What the exercise asks:
Reproduce, with no alteration, the span of lines that begins at the line containing "obtain i j where" and ends at the last line of the records, both ends included, and nothing else.

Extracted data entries

lemma relabeling_invariant_two_eigenvalue_realizable:
  "relabeling_invariant (two_eigenvalue_realizable :: 'n::finite set set \<Rightarrow> bool)"
  unfolding relabeling_invariant_def
proof (intro allI impI)
  fix p :: "'n \<Rightarrow> 'n" and H :: "'n set set"
  assume p: "bij p" and "two_eigenvalue_realizable H"
  then obtain A where "A \<in> S_graph (complete_minus H)" and eig: "card (eigenvalues A) = 2"
    unfolding two_eigenvalue_realizable_def by blast
  then have A: "transpose A = A" "\<And>i j. i \<noteq> j \<Longrightarrow> A $ i $ j \<noteq> 0 \<longleftrightarrow> {i, j} \<notin> H"
    unfolding S_graph_complete_minus_iff by blast+
  define q where "q = inv p"
  have q: "bij q" "\<And>i. p (q i) = i"
    using p by (simp_all add: q_def bij_imp_bij_inv bij_is_surj surj_f_inv_f)
  define B where "B = (\<chi> i j. A $ q i $ q j)"
  have "transpose B = B"
    using A(1) by (simp add: B_def transpose_def vec_eq_iff)
  moreover have "B $ i $ j \<noteq> 0 \<longleftrightarrow> {i, j} \<notin> (`) p ` H" if "i \<noteq> j" for i j
  proof -
    have "q i \<noteq> q j"
      using that q(2) by metis
    then have "B $ i $ j \<noteq> 0 \<longleftrightarrow> {q i, q j} \<notin> H"
      using A(2)[of "q i" "q j"] by (simp add: B_def)
    moreover have "p ` {q i, q j} = {i, j}"
      by (simp add: q(2))
    moreover have "inj ((`) p)"
      using bij_is_inj[OF p] by (simp add: inj_def inj_image_eq_iff)
    then have "p ` {q i, q j} \<in> (`) p ` H \<longleftrightarrow> {q i, q j} \<in> H"
      by (rule inj_image_mem_iff)
    ultimately show ?thesis
      by simp
  qed
  moreover have "card (eigenvalues B) = 2"
    using eig eigenvalues_reindex[OF q(1)] by (simp add: B_def)
  ultimately have "B \<in> S_graph (complete_minus ((`) p ` H)) \<and> card (eigenvalues B) = 2"
    unfolding S_graph_complete_minus_iff by blast
  then show "two_eigenvalue_realizable ((`) p ` H)"
    unfolding two_eigenvalue_realizable_def by blast
qed

fun swaps :: "('a \<times> 'a) list \<Rightarrow> 'a \<Rightarrow> 'a" where
  "swaps [] = id"
| "swaps ((a, b) # ps) = Transposition.transpose a b \<circ> swaps ps"

lemma bij_swaps: "bij (swaps ps)"
  by (induction ps rule: swaps.induct) (simp_all only: swaps.simps bij_id bij_comp bij_transpose)

lemma relabel_swaps: "relabeling_invariant Q \<Longrightarrow> Q H \<Longrightarrow> Q ((`) (swaps ps) ` H)"
  by (rule relabeling_invariantD[OF _ bij_swaps])

definition extensions_satisfy :: "('a set set \<Rightarrow> bool) \<Rightarrow> nat \<Rightarrow> 'a set set \<Rightarrow> bool" where
  "extensions_satisfy P k K \<longleftrightarrow>
    (\<forall>H. H \<subseteq> (simple_edges :: 'a set set) \<longrightarrow> finite H \<longrightarrow> card H \<le> k \<longrightarrow> P (K \<union> H))"

lemma image_in_simple_edges:
  assumes "inj p" "e \<in> simple_edges"
  shows "p ` e \<in> simple_edges"
proof -
  obtain i j where "e = {i, j}" "i \<noteq> j"
    using assms(2) by (auto simp: simple_edges_def)
  then show ?thesis
    using assms(1) by (simp add: inj_eq)
qed

lemma extensions_satisfy_0_iff [simp]: "extensions_satisfy P 0 K \<longleftrightarrow> P K"
  unfolding extensions_satisfy_def
  by (metis card_0_eq empty_subsetI finite.emptyI le_zero_eq sup_bot.right_neutral)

Output of the task:
  obtain i j where "e = {i, j}" "i \<noteq> j"
    using assms(2) by (auto simp: simple_edges_def)
  then show ?thesis
    using assms(1) by (simp add: inj_eq)
qed

lemma extensions_satisfy_0_iff [simp]: "extensions_satisfy P 0 K \<longleftrightarrow> P K"
  unfolding extensions_satisfy_def
  by (metis card_0_eq empty_subsetI finite.emptyI le_zero_eq sup_bot.right_neutral)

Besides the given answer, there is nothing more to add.